L'association a essaimé en Seine-et-Marne en octobre 2016, suite à la signature d'une convention avec les tribunaux de commerce de Melun et de Meaux. De mars à septembre, 45 alertes ont été lancées et 50 séances de psychologues ont été dispensées. Le coup de pouce de Seine-et-Marne Développement à hauteur de 5000 euros permettra ainsi le suivi de 15 à 20 personnes, selon Jean Huet, président de l'Apesa Seine-et-Marne.
Une prise en charge gratuite
Concrètement, il s'agit d'une « prise en charge psychologique rapide, gratuite » et réalisée par un spécialiste des souffrances morales provoquées par les difficultés financières.
Après accord du dirigeant concerné, le déclenchement du dispositif se fait par l'émission d'une fiche d'alerte par l'un des intervenants aux procédures collectives, formé au dispositif. Cette même fiche est envoyée à un coordinateur, qui, dans un délai de 24h, doit procéder à une évaluation précise de la gravité de l'état psychologique de l'entrepreneur. Par la suite, lui sont proposées cinq séances gratuites avec un praticien local.
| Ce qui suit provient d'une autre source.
(*
  Both parts rest on the inclusion of {x} x L_x in N_(d+1)(X): the tuple
  (x, T^n x, ..., T^(dn) x) is the progression (T^(p+iq) x) with p = -n, q = n.

  (1) Let Omega be the dense set of points x for which L_x is saturated, let pi f lie in
  N_(d+1)(Y) and let U_i be neighbourhoods of the f_i. As pi is open, some progression
  (S^(p+iq) y) has S^(p+iq) y in pi(U_i); by density of Omega its start can be moved to pi x
  with x in Omega and in U_1, so that pi(T^(jq) x) lies in pi(U_(j+1)). Saturation of L_x
  replaces the T^(jq) x by points z_j of U_(j+1) with z in L_x, and (x, z) is then a point
  of N_(d+1)(X) in U_1 x ... x U_(d+1).

  (2) For open V_1, ..., V_d the points whose diagonal orbit (T^n x, ..., T^(dn) x) visits
  V_1 x ... x V_d form an open set. A point x lying, for every tuple of basic open sets,
  either in this set or outside its closure satisfies L_x = {w. (x, w) in N_(d+1)(X)}, and
  by Baire such points form a dense G_delta set. Saturation of N_(d+1)(X) passes to these
  fibres.
*)

theory Submission
  imports Defs
begin

section \<open>Closures of sets of finite tuples\<close>

lemma closed_extensional: "closed (extensional I :: ('i \<Rightarrow> 'a::t1_space) set)"
proof -
  have "extensional I = (\<Inter>i\<in>-I. (\<lambda>h :: 'i \<Rightarrow> 'a. h i) -` {undefined})"
    by (auto simp: extensional_def)
  also have "closed \<dots>"
    by (intro closed_INT ballI closed_vimage closed_singleton continuous_on_product_coordinates)
  finally show ?thesis .
qed
text \<open>By the Hodge decomposition every cycle is a harmonic form plus a limit of boundaries, and
  morphisms preserve closures of boundaries, so it suffices to show that a harmonic \<open>q\<close> with
  \<open>\<pi>\<^sub>h q\<close> in the closure of the discrete boundaries vanishes. Then \<open>i\<^sub>h \<pi>\<^sub>h q\<close> lies in the
  closure of the boundaries, which is orthogonal to \<open>q\<close>; Pythagoras gives
  \<open>\<parallel>q - i\<^sub>h \<pi>\<^sub>h q\<parallel> \<ge> \<parallel>q\<parallel>\<close>, so the hypothesis forces \<open>q = 0\<close>. This makes \<open>[z] \<mapsto> [i\<^sub>h \<pi>\<^sub>h z]\<close> the
  identity on reduced cohomology, while \<open>\<pi>\<^sub>h i\<^sub>h = id\<close> gives the other composite.\<close>

lemma subspace_closure:
  fixes S :: "'a::real_normed_vector set"
  assumes "subspace S"
  shows "subspace (closure S)"
  unfolding subspace_def
proof (intro conjI ballI allI)
  show "0 \<in> closure S"
    using assms closure_subset subspace_0 by blast
next
  fix x y assume "x \<in> closure S" "y \<in> closure S"
  then obtain f g where "\<And>n. f n \<in> S" "f \<longlonglongrightarrow> x" "\<And>n. g n \<in> S" "g \<longlonglongrightarrow> y"
    unfolding closure_sequential by blast
  then show "x + y \<in> closure S"
    unfolding closure_sequential
    by (intro exI[of _ "\<lambda>n. f n + g n"]) (auto intro: tendsto_add subspace_add[OF assms])
next
  fix c x assume "x \<in> closure S"
  then obtain f where "\<And>n. f n \<in> S" "f \<longlonglongrightarrow> x"
    unfolding closure_sequential by blast
  then show "c *\<^sub>R x \<in> closure S"
    unfolding closure_sequential
    by (intro exI[of _ "\<lambda>n. c *\<^sub>R f n"]) (auto intro: tendsto_scaleR subspace_scale[OF assms])
qed

lemma parallelogram_law:
  fixes a b :: "'a::real_inner"
  shows "(norm (a - b))\<^sup>2 + (norm (a + b))\<^sup>2 = 2 * (norm a)\<^sup>2 + 2 * (norm b)\<^sup>2"
  by (simp add: power2_norm_eq_inner inner_diff inner_add inner_commute algebra_simps)

text \<open>Without local compactness the nearest point is obtained as the limit of a minimising
  sequence, which is Cauchy by the parallelogram law since midpoints stay in the convex set.\<close>

lemma nearest_point_exists_complete:
  fixes S :: "'a::{real_inner,complete_space} set"
  assumes "convex S" "closed S" "S \<noteq> {}"
  shows "\<exists>p\<in>S. \<forall>y\<in>S. dist a p \<le> dist a y"
proof -
  define \<delta> where "\<delta> = infdist a S"
  have \<delta>_le: "\<delta> \<le> dist a y" if "y \<in> S" for y
    unfolding \<delta>_def using that by (rule infdist_le)
  have "\<exists>s\<in>S. dist a s < \<delta> + 1 / (real n + 1)" for n
  proof -
    have "(INF y\<in>S. dist a y) < \<delta> + 1 / (real n + 1)"
      using assms(3) by (simp add: \<delta>_def infdist_notempty add_pos_pos)
    then show ?thesis
      using cInf_lessD[of "(\<lambda>y. dist a y) ` S"] assms(3) by auto
  qed
  then obtain s where s: "\<And>n. s n \<in> S" and s_close: "\<And>n. dist a (s n) < \<delta> + 1 / (real n + 1)"
    by metis
  have "(\<lambda>n. dist a (s n)) \<longlonglongrightarrow> \<delta>"
  proof (rule tendsto_sandwich)
    show "\<forall>\<^sub>F n in sequentially. \<delta> \<le> dist a (s n)"
      using \<delta>_le s by simp
    show "\<forall>\<^sub>F n in sequentially. dist a (s n) \<le> \<delta> + 1 / (real n + 1)"
      using s_close by (simp add: less_imp_le)
    show "(\<lambda>n. \<delta> + 1 / (real n + 1)) \<longlonglongrightarrow> \<delta>"
      using LIMSEQ_inverse_real_of_nat_add[of \<delta>] by (simp add: inverse_eq_divide add.commute)
  qed simp
  then have dist_sq_lim: "(\<lambda>n. (dist a (s n))\<^sup>2) \<longlonglongrightarrow> \<delta>\<^sup>2"
    by (intro tendsto_intros)
  have dist_sq_bound: "(norm (s m - s n))\<^sup>2 \<le> 2 * (dist a (s m))\<^sup>2 + 2 * (dist a (s n))\<^sup>2 - 4 * \<delta>\<^sup>2"
    for m n
  proof -
    have "midpoint (s m) (s n) \<in> S"
      using convexD[OF assms(1) s s, of "1/2" "1/2"] by (simp add: midpoint_def scaleR_right_distrib)
    then have "\<delta>\<^sup>2 \<le> (norm (a - midpoint (s m) (s n)))\<^sup>2"
      using \<delta>_le[of "midpoint (s m) (s n)"] infdist_nonneg[of a S]
      by (simp add: \<delta>_def dist_norm power_mono)
    moreover have mid: "(a - s m) + (a - s n) = 2 *\<^sub>R (a - midpoint (s m) (s n))"
      by (simp add: midpoint_def algebra_simps scaleR_2)
    moreover have "(norm (s m - s n))\<^sup>2 + 4 * (norm (a - midpoint (s m) (s n)))\<^sup>2
        = 2 * (dist a (s m))\<^sup>2 + 2 * (dist a (s n))\<^sup>2"
      using parallelogram_law[of "a - s m" "a - s n"] mid
      by (simp add: dist_norm norm_minus_commute power_mult_distrib)
    ultimately show ?thesis by linarith
  qed
  have "Cauchy s"
  proof (rule metric_CauchyI)
    fix e :: real assume "e > 0"
    then have "\<forall>\<^sub>F n in sequentially. (dist a (s n))\<^sup>2 < \<delta>\<^sup>2 + e\<^sup>2 / 4"
      using dist_sq_lim \<open>e > 0\<close> by (intro order_tendstoD) auto
    then obtain N where N: "\<And>n. n \<ge> N \<Longrightarrow> (dist a (s n))\<^sup>2 < \<delta>\<^sup>2 + e\<^sup>2 / 4"
      unfolding eventually_sequentially by blast
    have "dist (s m) (s n) < e" if "m \<ge> N" "n \<ge> N" for m n
    proof -
      have "(norm (s m - s n))\<^sup>2 < e\<^sup>2"
        using dist_sq_bound[of m n] N[OF that(1)] N[OF that(2)] by linarith
      then show ?thesis
        using \<open>e > 0\<close> by (simp add: dist_norm power_less_imp_less_base)
    qed
    then show "\<exists>N. \<forall>m\<ge>N. \<forall>n\<ge>N. dist (s m) (s n) < e"
      by blast
  qed
  then obtain p where "s \<longlonglongrightarrow> p"
    using convergent_eq_Cauchy by blast
  have "p \<in> S"
    using closed_sequentially[OF assms(2) _ \<open>s \<longlonglongrightarrow> p\<close>] s by blast
  moreover have "dist a p = \<delta>"
    using LIMSEQ_unique[OF tendsto_dist[OF tendsto_const \<open>s \<longlonglongrightarrow> p\<close>]]
      \<open>(\<lambda>n. dist a (s n)) \<longlonglongrightarrow> \<delta>\<close> by blast
  ultimately show ?thesis
    using \<delta>_le by auto
qed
Au-delà, le dossier est transféré aux services de santé conventionnels et la prise en charge s'arrête.
« L'Apesa, c'est d'abord la prise de conscience d'une difficulté que la justice ne peut pas gérer », explique Olivier Morin, président par intérim de Seine-et-Marne Développement. « Avec 50 à 70 affaires traitées par jour, il n'est pas possible d'apporter un suivi », confirme Jean Gaillard, président du tribunal de commerce de Meaux. « Le capital santé du chef d'entreprise est le premier capital immatériel d'une entreprise, souligne Apesa France, or il est comme le capital financier parfois soumis à rude épreuve ».
Pierre Lory, président de Clé 77, précise en ce sens que « le tribunal représente une peur, une culpabilité » pour le chef d'entreprise, qui « accepte peu le regard de l'autre ». Mais retardant l'échéance au maximum, le dirigeant « aggravent son cas » et donc les risques de détresse psychologique. D'autant que les procédures préventives amiables (mandat ad hoc et conciliation) « aboutissent à une solution positive dans deux tiers des cas », argue Jean Gaillard, contrairement aux procédures collectives qui connaissant un taux de succès de 15 %.
Deux tribunaux engagés, une première
L'association Seine-et-Marnaise est la première à avoir été créée en France par deux tribunaux de commerce (Meaux et Melun) et l'ensemble des acteurs économiques. « Le patronat a répondu favorablement comme un seul homme », confie Jean Gaillard, président du tribunal de commerce de Melun, précisant que les agriculteurs n'y ont toutefois pas adhéré. Restait à recevoir un soutien de poids du côté départemental, c'est désormais chose faite.